_AIM OF THE TASK_
In the data that follows, count each line holding the string "close"; answer with the number only.

_RECORDS FOR THIS TASK_

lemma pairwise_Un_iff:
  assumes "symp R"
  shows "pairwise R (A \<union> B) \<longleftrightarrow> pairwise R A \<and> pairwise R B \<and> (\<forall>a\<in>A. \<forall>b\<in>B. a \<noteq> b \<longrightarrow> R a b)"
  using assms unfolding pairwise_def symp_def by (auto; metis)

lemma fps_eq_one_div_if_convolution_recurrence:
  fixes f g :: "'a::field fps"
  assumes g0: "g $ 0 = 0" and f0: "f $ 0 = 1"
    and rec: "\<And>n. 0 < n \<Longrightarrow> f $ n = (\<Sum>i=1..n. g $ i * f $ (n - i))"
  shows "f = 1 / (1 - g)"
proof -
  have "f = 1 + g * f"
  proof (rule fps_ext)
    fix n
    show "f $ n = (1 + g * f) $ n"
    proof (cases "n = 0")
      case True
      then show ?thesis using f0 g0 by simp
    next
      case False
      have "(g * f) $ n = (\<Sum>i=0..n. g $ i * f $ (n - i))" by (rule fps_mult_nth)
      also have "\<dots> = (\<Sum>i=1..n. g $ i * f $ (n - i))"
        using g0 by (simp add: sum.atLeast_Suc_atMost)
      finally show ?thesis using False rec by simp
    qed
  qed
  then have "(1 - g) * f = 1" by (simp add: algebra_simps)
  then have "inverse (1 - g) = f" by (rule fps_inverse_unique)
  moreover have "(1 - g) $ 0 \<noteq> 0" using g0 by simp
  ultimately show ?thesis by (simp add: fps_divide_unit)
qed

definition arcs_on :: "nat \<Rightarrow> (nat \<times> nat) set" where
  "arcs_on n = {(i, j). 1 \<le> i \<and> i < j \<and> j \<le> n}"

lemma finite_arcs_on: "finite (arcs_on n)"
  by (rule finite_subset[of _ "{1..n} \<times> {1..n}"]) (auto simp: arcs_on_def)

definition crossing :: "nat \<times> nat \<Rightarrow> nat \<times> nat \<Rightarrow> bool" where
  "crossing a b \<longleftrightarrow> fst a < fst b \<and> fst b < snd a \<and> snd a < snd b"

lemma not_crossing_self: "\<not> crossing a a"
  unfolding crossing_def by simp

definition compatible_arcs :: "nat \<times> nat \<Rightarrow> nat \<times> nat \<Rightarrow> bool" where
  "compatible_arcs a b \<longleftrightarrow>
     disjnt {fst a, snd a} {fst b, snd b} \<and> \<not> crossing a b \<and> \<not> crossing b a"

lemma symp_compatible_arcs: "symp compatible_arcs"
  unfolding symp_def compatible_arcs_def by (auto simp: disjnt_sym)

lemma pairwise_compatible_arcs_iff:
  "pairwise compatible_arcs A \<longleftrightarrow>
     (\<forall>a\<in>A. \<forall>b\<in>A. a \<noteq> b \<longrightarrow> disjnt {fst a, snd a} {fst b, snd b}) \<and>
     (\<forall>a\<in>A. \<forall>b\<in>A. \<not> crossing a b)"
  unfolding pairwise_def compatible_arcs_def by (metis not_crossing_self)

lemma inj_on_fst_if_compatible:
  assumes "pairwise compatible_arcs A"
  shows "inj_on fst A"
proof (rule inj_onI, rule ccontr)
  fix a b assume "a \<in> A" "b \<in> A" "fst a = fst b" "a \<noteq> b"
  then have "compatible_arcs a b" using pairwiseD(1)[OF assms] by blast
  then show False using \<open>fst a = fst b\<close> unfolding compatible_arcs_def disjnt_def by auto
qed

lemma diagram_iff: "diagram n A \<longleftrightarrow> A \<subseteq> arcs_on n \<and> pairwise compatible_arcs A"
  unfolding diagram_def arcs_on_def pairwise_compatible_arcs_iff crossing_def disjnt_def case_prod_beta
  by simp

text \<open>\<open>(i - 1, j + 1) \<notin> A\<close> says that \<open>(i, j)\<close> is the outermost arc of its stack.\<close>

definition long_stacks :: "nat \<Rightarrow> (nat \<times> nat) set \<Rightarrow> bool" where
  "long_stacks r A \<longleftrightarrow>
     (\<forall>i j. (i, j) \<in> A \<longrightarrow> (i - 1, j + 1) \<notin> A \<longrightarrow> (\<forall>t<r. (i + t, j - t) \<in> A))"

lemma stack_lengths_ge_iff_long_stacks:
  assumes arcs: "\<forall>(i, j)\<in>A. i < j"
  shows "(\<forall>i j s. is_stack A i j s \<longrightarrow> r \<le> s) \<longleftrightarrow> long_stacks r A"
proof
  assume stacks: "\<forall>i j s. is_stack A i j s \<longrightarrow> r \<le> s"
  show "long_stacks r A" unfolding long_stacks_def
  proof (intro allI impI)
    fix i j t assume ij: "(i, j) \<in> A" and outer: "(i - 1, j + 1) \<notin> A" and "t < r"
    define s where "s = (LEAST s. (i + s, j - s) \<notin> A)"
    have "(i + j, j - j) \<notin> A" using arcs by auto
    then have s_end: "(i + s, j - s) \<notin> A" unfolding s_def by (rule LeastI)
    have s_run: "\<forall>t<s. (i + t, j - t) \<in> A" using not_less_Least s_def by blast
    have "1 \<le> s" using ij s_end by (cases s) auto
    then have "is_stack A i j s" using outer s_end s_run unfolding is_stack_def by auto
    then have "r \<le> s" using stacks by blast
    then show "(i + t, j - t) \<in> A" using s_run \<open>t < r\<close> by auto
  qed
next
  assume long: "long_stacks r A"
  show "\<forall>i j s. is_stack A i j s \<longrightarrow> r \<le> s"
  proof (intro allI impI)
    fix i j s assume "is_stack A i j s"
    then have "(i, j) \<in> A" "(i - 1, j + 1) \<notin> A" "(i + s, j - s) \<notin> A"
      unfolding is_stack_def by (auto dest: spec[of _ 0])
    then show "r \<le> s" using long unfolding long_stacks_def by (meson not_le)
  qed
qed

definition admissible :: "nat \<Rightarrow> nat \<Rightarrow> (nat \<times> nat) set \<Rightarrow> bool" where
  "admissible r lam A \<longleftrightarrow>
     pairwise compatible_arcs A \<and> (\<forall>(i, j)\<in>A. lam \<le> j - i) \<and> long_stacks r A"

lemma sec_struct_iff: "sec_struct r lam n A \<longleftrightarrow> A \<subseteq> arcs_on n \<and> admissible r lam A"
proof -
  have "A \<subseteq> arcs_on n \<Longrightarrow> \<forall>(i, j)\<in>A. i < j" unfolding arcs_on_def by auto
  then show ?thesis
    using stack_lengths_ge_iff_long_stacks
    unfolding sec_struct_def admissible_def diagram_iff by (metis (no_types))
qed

...

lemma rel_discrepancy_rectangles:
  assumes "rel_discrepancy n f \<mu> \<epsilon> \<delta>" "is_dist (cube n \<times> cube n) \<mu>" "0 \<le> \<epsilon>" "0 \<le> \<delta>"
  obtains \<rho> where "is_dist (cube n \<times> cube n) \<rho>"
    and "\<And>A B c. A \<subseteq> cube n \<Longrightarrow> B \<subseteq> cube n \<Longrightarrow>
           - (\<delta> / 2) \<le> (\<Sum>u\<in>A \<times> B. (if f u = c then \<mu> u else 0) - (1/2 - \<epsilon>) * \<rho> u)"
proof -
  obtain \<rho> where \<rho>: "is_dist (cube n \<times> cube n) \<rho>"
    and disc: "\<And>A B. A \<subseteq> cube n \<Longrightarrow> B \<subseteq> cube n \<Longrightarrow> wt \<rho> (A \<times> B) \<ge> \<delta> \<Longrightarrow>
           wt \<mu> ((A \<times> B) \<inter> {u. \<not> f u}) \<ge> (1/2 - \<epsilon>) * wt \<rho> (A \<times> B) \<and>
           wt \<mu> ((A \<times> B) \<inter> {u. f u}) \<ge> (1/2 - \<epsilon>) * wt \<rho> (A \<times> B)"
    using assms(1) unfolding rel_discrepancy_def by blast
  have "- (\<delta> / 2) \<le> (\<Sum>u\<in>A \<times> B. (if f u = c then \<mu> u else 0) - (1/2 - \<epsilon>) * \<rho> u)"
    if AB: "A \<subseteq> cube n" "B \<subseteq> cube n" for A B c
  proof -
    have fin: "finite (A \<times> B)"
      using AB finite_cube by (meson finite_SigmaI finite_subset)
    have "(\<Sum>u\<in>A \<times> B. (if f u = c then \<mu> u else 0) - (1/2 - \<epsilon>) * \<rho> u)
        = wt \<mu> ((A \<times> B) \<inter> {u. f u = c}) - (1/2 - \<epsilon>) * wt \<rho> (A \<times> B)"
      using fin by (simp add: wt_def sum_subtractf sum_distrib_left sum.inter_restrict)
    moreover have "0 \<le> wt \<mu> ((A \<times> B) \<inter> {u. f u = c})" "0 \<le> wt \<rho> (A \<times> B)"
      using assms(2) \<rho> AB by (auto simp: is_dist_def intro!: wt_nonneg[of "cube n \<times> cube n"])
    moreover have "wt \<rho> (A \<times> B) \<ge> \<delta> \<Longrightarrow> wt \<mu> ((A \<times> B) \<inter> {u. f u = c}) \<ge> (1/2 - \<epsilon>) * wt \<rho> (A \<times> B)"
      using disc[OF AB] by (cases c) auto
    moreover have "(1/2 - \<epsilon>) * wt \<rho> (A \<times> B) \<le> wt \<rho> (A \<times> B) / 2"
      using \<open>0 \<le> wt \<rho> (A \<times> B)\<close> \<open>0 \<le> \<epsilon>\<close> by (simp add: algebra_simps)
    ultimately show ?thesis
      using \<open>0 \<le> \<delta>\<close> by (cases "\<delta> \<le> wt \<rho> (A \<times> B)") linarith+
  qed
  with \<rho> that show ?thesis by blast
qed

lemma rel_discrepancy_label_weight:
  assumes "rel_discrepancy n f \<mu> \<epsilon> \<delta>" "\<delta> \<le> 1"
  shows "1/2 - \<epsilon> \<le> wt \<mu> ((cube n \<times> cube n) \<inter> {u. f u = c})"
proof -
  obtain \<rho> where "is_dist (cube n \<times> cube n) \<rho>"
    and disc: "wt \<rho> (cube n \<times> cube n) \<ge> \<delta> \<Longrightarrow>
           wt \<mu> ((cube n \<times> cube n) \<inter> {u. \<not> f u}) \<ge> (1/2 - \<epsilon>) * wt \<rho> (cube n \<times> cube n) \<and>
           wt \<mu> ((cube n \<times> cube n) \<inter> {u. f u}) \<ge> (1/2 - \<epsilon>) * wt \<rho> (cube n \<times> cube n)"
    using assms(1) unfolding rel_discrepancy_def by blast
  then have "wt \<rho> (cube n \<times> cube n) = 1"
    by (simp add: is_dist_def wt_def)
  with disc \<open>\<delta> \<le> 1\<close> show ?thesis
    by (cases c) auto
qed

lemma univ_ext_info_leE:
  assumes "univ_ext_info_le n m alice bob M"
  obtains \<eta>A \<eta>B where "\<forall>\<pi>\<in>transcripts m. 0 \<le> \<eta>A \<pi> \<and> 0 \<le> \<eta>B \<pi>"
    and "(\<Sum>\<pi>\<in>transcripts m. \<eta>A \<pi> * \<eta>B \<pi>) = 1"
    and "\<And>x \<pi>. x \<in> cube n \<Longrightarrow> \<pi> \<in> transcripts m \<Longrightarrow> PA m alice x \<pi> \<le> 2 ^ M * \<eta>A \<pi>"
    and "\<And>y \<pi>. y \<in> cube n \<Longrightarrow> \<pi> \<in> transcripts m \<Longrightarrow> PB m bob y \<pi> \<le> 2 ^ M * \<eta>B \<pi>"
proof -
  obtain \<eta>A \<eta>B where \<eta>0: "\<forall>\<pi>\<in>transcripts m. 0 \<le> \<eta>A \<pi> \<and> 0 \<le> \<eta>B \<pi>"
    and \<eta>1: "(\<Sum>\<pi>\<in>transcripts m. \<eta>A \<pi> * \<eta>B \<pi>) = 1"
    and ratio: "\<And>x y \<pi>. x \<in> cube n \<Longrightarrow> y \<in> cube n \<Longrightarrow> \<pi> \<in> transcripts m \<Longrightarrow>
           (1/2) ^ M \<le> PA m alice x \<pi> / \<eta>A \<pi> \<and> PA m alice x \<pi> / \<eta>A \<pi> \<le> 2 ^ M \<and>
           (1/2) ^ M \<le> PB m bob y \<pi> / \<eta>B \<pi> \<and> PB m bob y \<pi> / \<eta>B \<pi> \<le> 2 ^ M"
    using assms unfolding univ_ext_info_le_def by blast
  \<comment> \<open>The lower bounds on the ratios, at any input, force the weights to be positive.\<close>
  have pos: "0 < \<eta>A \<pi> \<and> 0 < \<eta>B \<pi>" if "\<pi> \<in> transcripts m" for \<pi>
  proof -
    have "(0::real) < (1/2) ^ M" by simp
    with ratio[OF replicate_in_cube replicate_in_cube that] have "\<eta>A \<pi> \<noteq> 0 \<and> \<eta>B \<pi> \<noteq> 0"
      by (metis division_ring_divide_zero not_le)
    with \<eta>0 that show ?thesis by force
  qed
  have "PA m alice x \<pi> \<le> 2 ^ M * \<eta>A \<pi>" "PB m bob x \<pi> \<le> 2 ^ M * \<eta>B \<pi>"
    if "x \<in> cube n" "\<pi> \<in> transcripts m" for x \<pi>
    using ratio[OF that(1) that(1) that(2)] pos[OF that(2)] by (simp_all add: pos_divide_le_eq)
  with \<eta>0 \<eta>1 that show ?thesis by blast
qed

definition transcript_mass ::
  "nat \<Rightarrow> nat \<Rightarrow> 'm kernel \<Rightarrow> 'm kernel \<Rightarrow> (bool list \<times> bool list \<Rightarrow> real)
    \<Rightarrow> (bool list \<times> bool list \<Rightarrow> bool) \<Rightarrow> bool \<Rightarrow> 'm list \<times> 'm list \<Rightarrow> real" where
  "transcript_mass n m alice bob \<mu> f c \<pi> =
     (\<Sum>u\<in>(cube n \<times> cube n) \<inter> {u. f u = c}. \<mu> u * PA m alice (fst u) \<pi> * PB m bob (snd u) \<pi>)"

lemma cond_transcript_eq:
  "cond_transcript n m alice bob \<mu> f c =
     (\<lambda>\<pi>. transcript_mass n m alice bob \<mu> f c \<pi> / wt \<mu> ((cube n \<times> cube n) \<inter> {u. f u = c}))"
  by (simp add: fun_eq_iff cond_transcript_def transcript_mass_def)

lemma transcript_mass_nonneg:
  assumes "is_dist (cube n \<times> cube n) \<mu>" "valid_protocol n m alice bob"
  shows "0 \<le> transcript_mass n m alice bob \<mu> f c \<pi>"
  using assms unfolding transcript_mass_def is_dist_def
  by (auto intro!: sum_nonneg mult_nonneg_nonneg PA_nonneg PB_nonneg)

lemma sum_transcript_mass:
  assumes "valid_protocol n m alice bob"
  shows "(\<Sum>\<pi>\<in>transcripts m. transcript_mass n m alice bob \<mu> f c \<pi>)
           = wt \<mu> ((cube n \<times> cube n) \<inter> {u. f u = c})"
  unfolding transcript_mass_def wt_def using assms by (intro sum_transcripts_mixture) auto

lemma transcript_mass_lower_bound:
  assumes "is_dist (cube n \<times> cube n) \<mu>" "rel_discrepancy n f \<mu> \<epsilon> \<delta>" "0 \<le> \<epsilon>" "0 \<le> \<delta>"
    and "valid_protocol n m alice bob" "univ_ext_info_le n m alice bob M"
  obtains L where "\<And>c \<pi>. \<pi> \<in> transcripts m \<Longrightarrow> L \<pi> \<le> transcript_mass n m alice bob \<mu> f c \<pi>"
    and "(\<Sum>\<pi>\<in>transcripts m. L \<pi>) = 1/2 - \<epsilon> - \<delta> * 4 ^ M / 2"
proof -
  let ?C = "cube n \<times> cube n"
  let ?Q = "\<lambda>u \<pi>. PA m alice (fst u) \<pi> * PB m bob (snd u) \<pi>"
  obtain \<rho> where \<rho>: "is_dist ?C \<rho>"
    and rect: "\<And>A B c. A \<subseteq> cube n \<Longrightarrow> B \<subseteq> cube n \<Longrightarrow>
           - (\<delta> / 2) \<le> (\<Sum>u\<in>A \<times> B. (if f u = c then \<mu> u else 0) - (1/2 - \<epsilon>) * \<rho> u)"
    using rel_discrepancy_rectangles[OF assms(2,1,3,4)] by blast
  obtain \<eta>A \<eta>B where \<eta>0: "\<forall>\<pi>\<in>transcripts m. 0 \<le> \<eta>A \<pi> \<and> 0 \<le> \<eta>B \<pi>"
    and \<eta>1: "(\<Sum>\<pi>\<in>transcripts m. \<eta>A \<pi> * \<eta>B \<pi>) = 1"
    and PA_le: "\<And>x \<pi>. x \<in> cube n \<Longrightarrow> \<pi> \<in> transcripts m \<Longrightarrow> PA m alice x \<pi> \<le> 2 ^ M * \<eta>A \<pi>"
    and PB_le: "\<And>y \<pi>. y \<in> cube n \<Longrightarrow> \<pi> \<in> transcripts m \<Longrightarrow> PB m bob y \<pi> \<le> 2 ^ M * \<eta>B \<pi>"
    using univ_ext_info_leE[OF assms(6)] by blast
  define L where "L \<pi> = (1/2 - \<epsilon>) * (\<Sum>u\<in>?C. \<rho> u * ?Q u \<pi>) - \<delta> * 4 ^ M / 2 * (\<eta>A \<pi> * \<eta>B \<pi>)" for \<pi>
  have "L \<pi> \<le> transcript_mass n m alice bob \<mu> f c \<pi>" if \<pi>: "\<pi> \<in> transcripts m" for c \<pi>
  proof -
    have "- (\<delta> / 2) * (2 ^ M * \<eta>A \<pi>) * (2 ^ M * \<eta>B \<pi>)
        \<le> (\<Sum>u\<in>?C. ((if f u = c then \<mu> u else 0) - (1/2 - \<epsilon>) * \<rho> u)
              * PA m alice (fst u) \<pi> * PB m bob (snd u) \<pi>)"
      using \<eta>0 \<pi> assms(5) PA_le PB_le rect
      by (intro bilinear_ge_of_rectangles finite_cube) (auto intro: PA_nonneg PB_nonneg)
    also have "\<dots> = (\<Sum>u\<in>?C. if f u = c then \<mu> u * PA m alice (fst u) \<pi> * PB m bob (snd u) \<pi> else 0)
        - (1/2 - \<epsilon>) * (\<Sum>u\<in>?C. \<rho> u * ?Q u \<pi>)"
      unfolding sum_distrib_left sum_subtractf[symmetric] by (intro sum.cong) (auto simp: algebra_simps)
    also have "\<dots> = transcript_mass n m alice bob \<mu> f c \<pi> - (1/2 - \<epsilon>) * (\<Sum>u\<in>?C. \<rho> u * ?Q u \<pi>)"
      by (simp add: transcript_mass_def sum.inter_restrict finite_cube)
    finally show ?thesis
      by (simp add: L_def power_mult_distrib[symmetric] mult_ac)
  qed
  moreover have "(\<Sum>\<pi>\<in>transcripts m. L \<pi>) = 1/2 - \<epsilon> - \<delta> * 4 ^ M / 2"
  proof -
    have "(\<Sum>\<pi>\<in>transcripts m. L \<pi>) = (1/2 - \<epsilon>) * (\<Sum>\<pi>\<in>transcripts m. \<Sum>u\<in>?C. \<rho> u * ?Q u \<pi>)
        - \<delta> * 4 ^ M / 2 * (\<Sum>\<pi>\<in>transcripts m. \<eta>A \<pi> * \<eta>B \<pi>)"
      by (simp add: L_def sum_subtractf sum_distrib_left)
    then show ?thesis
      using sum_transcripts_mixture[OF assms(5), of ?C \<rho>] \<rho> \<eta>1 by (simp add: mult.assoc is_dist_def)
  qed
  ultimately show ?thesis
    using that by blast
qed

_WORKED SOLUTION_
7